A Resilient Economic Foundation
The broader economic landscape in Portugal provides a solid foundation for market confidence. In 2025, the nation's GDP grew by a respectable 1.9%, with optimistic forecasts predicting an acceleration to 2.3% in 2026. Inflationary pressures are easing, with inflation expected to moderate to 2.3% in 2025 and dip below the 2.0% mark in the following years. This stabilisation is complemented by a robust labour market, where unemployment is projected to fall from 6.1% in 2025 to 5.7% in 2026. Furthermore, a 1.2% growth in exports and a strong 3.5% expansion in private consumption signal sustained economic vitality, fueling demand across various sectors, including logistics and industrial operations.
Demand recalibrates, but key hubs remain strong
While the economic outlook is positive, industrial and logistics demand saw a period of adjustment in 2025. Total take-up for the year reached 484,970 sq m, a 39% decrease compared to the previous year. The average deal size also contracted by 26% to 6,640 sq m, suggesting a market shift towards smaller, more strategic acquisitions.

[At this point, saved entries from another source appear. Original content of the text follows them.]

lemma psi_zero: "\<psi> 0 = 1"
proof -
  have "\<psi> 0 = \<psi> 0 * \<psi> 0" using psi_add[of 0 0] by simp
  moreover have "\<psi> 0 \<noteq> 0" using psi_norm[of 0] by auto
  ultimately show ?thesis by (metis mult_cancel_left1)
qed

lemma psi_neg: "\<psi> (- x) = cnj (\<psi> x)"
proof -
  have "\<psi> x * \<psi> (- x) = 1" using psi_add[of x "- x"] psi_zero by simp
  moreover have "\<psi> x * cnj (\<psi> x) = 1" using psi_norm[of x]
    by (metis complex_norm_square mult.commute of_real_1 power_one)
  moreover have "\<psi> x \<noteq> 0" using psi_norm[of x] by auto
  ultimately show ?thesis by (metis mult_left_cancel)
qed

lemma two_nonzero: "(2::'k) \<noteq> 0"
proof
  assume "(2::'k) = 0"
  hence "(of_nat 2 :: 'k) = 0" by simp
  hence two: "CHAR('k) dvd 2" by (simp only: of_nat_eq_0_iff_char_dvd)
  have "CHAR('k) \<noteq> 0" using two by (intro notI) simp
  with dvd_imp_le[OF two] have "CHAR('k) = 1" using odd_char by presburger
  hence "(of_nat 1 :: 'k) = 0" by (simp only: of_nat_eq_0_iff_char_dvd) simp
  thus False by simp
qed

lemma finite_W: "finite (M :: ('s \<times> 's) set)"
proof -
  have "finite (UNIV :: ('s \<times> 's) set)" using finite_S by (simp add: finite_Prod_UNIV)
  thus ?thesis by (rule finite_subset[rotated]) simp
qed

lemma B_add_left: "B (u + u') v = B u v + B u' v" by (simp add: symB_def eta_ladd)
lemma B_add_right: "B u (v + v') = B u v + B u v'" by (simp add: symB_def eta_radd)
lemma B_antisym: "B u v = - B v u" by (simp add: symB_def eta_sym)
lemma B_neg_right: "B u (- v) = - B u v" by (simp add: symB_def eta_neg_right)
lemma B_zero_left [simp]: "B 0 v = 0" by (simp add: symB_def)

lemma B_nondeg: assumes "\<And>v. B u v = 0" shows "u = 0"
proof -
  have "\<eta> (fst u) t = 0" for t using assms[of "(0, t)"] by (simp add: symB_def)
  moreover have "\<eta> (snd u) t = 0" for t using assms[of "(t, 0)"] by (simp add: symB_def)
  ultimately show ?thesis using eta_nondeg by (metis prod_eq_iff fst_zero snd_zero)
qed

definition scal :: "'k \<Rightarrow> 's \<times> 's \<Rightarrow> 's \<times> 's" where
  "scal c z = (smul (alg c) (fst z), smul (alg c) (snd z))"

lemma B_scal_right: "B u (scal c v) = c * B u v"
  by (simp add: symB_def scal_def eta_rscal algebra_simps)

lemma X_add_left: "X (u + u') v = X u v * X u' v" by (simp add: chi_def B_add_left psi_add)
lemma X_add_right: "X u (v + v') = X u v * X u v'" by (simp add: chi_def B_add_right psi_add)
lemma X_swap: "cnj (X u v) = X v u" by (simp add: chi_def psi_neg[symmetric] B_antisym[of v u])
lemma X_neg_right: "X u (- v) = cnj (X u v)" by (simp add: chi_def B_neg_right psi_neg)
lemma X_B_zero: "B u v = 0 \<Longrightarrow> X u v = 1" by (simp add: chi_def psi_zero)
lemma X_zero_left [simp]: "X 0 v = 1" by (simp add: X_B_zero)
lemma X_self [simp]: "X u u = 1" by (simp add: X_B_zero symB_def eta_sym)

lemma X_cnj_mult: "cnj (X u v) * X u v = 1"
  using psi_norm by (metis chi_def complex_norm_square mult.commute of_real_1 power_one)
lemma X_mult_cnj: "X u v * cnj (X u v) = 1"
  using X_cnj_mult by (simp add: mult.commute)

definition k_subspace :: "('s \<times> 's) set \<Rightarrow> bool" where
  "k_subspace M \<longleftrightarrow> add_subgroup M \<and> (\<forall>x\<in>M. \<forall>c. scal c x \<in> M)"

(* Orthogonality of characters: summing w |-> chi (w, m) over a subspace M gives
   |M| if w annihilates M and 0 otherwise (rescale a witness to hit a value
   where psi is non-trivial, and translate). *)
lemma character_sum:
  assumes M: "k_subspace M"
  shows "(\<Sum>m\<in>M. X w m) = (if w \<in> perp \<eta> M then of_nat (card M) else 0)"
proof (cases "w \<in> perp \<eta> M")
  case True
  hence "(\<Sum>m\<in>M. X w m) = (\<Sum>m\<in>M. 1)" by (intro sum.cong) (auto simp: perp_def X_B_zero)
  thus ?thesis using True by simp
next
  case False
  then obtain z where z: "z \<in> M" "B w z \<noteq> 0" unfolding perp_def by auto
  obtain x where x: "\<psi> x \<noteq> 1" using psi_nontrivial by auto
  define z' where "z' = scal (x / B w z) z"
  have z'M: "z' \<in> M" using M z unfolding k_subspace_def z'_def by auto
  have Xz': "X w z' \<noteq> 1" using x z(2) by (simp add: z'_def chi_def B_scal_right)
  have "X w z' * (\<Sum>m\<in>M. X w m) = (\<Sum>m\<in>M. X w (m + z'))"
    by (simp add: X_add_right sum_distrib_left mult.commute)
  also have "\<dots> = (\<Sum>m\<in>M. X w m)"
    using M z'M by (intro sum_translate_subgroup) (auto simp: k_subspace_def)
  finally have "(X w z' - 1) * (\<Sum>m\<in>M. X w m) = 0" by (simp add: algebra_simps)
  thus ?thesis using Xz' False by auto
qed

(* |M^perp| |M| = |W|: double-count sum_{w in W} sum_{m in M} chi (w, m) using
   character_sum in both orders (B being non-degenerate). *)
lemma card_perp:
  assumes M: "k_subspace M"
  shows "card (perp \<eta> M) * card M = card (UNIV :: ('s \<times> 's) set)"
proof -
  have W: "k_subspace UNIV" unfolding k_subspace_def by (simp add: add_subgroup_UNIV)
  have perp_W: "m \<in> perp \<eta> UNIV \<longleftrightarrow> m = 0" for m using B_nondeg[of m] by (auto simp: perp_def)
  have "of_nat (card (perp \<eta> M) * card M) = (\<Sum>w\<in>perp \<eta> M. of_nat (card M) :: complex)" by simp
  also have "\<dots> = (\<Sum>w\<in>UNIV. \<Sum>m\<in>M. X w m)"
    by (simp add: character_sum[OF M] sum.If_cases finite_W)
  also have "\<dots> = (\<Sum>m\<in>M. cnj (\<Sum>w\<in>UNIV. X m w))"
    by (subst sum.swap) (simp add: X_swap)
  also have "\<dots> = (\<Sum>m\<in>M. if m = 0 then of_nat (card (UNIV :: ('s \<times> 's) set)) else 0)"
  proof (rule sum.cong[OF refl])
    fix m
    show "cnj (\<Sum>w\<in>UNIV. X m w) = (if m = 0 then of_nat (card (UNIV :: ('s \<times> 's) set)) else 0)"
      by (simp add: character_sum[OF W] perp_W)
  qed
  also have "\<dots> = of_nat (card (UNIV :: ('s \<times> 's) set))"
    using M by (simp add: sum.delta finite_W k_subspace_def add_subgroup_def)
  finally show ?thesis by (simp only: of_nat_eq_iff)
qed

Despite this overall softening, activity remained heavily concentrated in Portugal's primary economic hubs. Greater Lisbon was the engine of demand, accounting for 56% of the total take-up, with Greater Porto following at 34%. The fourth quarter featured several significant transactions that underscore the continued appetite for high-quality spaces. Notable deals included SPAR's lease of a 17,500 sq m facility at Panattoni Park Santarém and Ontime Logística's 15,510 sq m lease in Vialonga. Other key transactions involved Urbanos securing 10,500 sq m in Castanheira do Ribatejo and Torrestir leasing 10,410 sq m in Arcozelo, contributing to a total of 22 new occupancy deals in the final quarter.

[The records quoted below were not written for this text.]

lemma mem_grid_cube_iff_floor:
  assumes "0 < s"
  shows "x \<in> grid_cube s g \<longleftrightarrow> (\<forall>j. \<lfloor>s * x$j\<rfloor> = int (g j))"
  using assms by (simp add: grid_cube_def floor_eq_of_nat_iff)

lemma grid_cube_disjoint:
  assumes "0 < s" "g \<noteq> g'"
  shows "grid_cube s g \<inter> grid_cube s g' = {}"
  using assms by (auto simp: mem_grid_cube_iff_floor)

lemma mem_grid_cube_floor:
  assumes "0 < s" "x \<in> unit_cube"
  shows "x \<in> grid_cube s (\<lambda>j. nat \<lfloor>s * x$j\<rfloor>)"
  using assms by (simp add: mem_grid_cube_iff_floor unit_cube_def)

lemma unit_cube_eq_Union_grid_cubes:
  assumes "0 < s"
  shows "unit_cube = (\<Union>g\<in>{g. \<forall>j. g j < s}. grid_cube s g)"
proof (intro set_eqI iffI)
  fix x :: "real^'n" assume x: "x \<in> unit_cube"
  then have "0 \<le> s * x$j" "s * x$j < s" for j
    using assms by (auto simp: unit_cube_def)
  then have "\<forall>j. nat \<lfloor>s * x$j\<rfloor> < s"
    using assms by (auto simp: floor_less_iff nat_less_iff)
  then show "x \<in> (\<Union>g\<in>{g. \<forall>j. g j < s}. grid_cube s g)"
    using mem_grid_cube_floor[OF assms x] by blast
next
  fix x :: "real^'n" assume "x \<in> (\<Union>g\<in>{g. \<forall>j. g j < s}. grid_cube s g)"
  then obtain g where g: "\<forall>j. g j < s" "x \<in> grid_cube s g" by blast
  have "0 \<le> x$j \<and> x$j < 1" for j
  proof -
    have "real (g j + 1) \<le> real s"
      using g(1) by (metis Suc_eq_plus1 Suc_leI of_nat_le_iff)
    then have "real (g j + 1) / s \<le> 1"
      using assms by simp
    moreover have "0 \<le> real (g j) / s" by simp
    moreover have "real (g j) / s \<le> x$j \<and> x$j < real (g j + 1) / s"
      using g(2) by (simp add: grid_cube_def)
    ultimately show ?thesis by linarith
  qed
  then show "x \<in> unit_cube" by (simp add: unit_cube_def)
qed

lemma finite_grid_indices: "finite {g :: 'n::finite \<Rightarrow> nat. \<forall>j. g j < s}"
proof -
  have "{g :: 'n \<Rightarrow> nat. \<forall>j. g j < s} = PiE UNIV (\<lambda>_. {..<s})"
    by (auto simp: PiE_UNIV_domain)
  then show ?thesis by (simp add: finite_PiE)
qed

lemma basic_cube_iff_grid_cube:
  "basic_cube b t m C \<longleftrightarrow> (\<exists>g. (\<forall>j. g j < b ^ (m - t)) \<and> C = grid_cube (b ^ (m - t)) g)"
  by (simp add: basic_cube_def grid_cube_def)

lemma unit_cube_sets: "unit_cube \<in> sets borel"
  unfolding unit_cube_def by measurable

lemma basic_cube_sets: "basic_cube b t m C \<Longrightarrow> C \<in> sets borel"
  by (auto simp: basic_cube_iff_grid_cube grid_cube_sets)

lemma measure_basic_cube:
  assumes "0 < b" "basic_cube b t m (C :: (real^'n::finite) set)"
  shows "measure lborel C = 1 / real b ^ (CARD('n) * (m - t))"
  using assms by (auto simp: basic_cube_iff_grid_cube measure_grid_cube power_one_over
      simp flip: power_mult) (simp add: mult.commute)

section \<open>Marginals and cell-wise uniformity of abstract scrambled nets\<close>

locale scrambled_net =
  fixes M :: "'a measure" and b t m :: nat and Y :: "nat \<Rightarrow> 'a \<Rightarrow> real^'n::finite"
  assumes scrambled: "abstract_scrambled_net M b t m Y"
begin

sublocale prob_space M
  using scrambled by (simp add: abstract_scrambled_net_def)

lemma events_point_in:
  assumes "i \<in> {1..b^m}" "B \<in> sets borel"
  shows "{\<omega>\<in>space M. Y i \<omega> \<in> B} \<in> events"
proof -
  have "Y i \<in> borel_measurable M"
    using scrambled assms(1) by (simp add: abstract_scrambled_net_def)
  then show ?thesis
    using measurable_sets[OF _ assms(2)] by (simp add: vimage_def Int_def conj_commute)
qed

Vacancy Tightens Amidst Scarcity of Quality Space
The persistent undersupply of modern, high-quality logistics facilities remains a defining feature of the market. In Greater Lisbon, the vacancy rate edged down to a tight 4.1% in the fourth quarter of 2025. This low availability highlights the ongoing challenge for businesses seeking prime logistics space in the region.
Rental Growth Reflects Supply and Demand Imbalance
The scarcity of available space, coupled with sustained occupier demand, has continued to drive rental values upward. Prime rents have climbed in key logistics zones. In Greater Lisbon's prime Castanheira-Azambuja corridor, rents reached €5.65 per square metre per month. Meanwhile, Greater Porto's Port of Leixões–Airport zone saw prime rents hit €5.90 per square metre per month. This upward trend was not limited to prime assets, as average rents also increased across most zones in these core regions, reflecting the fundamental imbalance between limited supply and healthy demand.
A Robust Pipeline Promises Future Opportunities
Looking ahead, the construction and supply pipeline appears robust, signaling a concerted effort to address the market's supply constraints. In 2025 alone, 303,250 sq m of new logistics space was completed, with the majority located in Greater Lisbon and Greater Porto.
The development momentum is set to continue, with an impressive 758,500 sq m of new space planned for delivery over the next three years. Of this, 449,900 sq m is already under construction, indicating a strong short-term delivery schedule. Key projects poised to shape the future landscape include Phase III of the Northern Lisbon Logistics Platform, the Malveira Prime Logistics development, and the Panattoni Park Lisbon-City project. These new developments will be crucial in accommodating future growth and easing the supply pressures that currently define the market.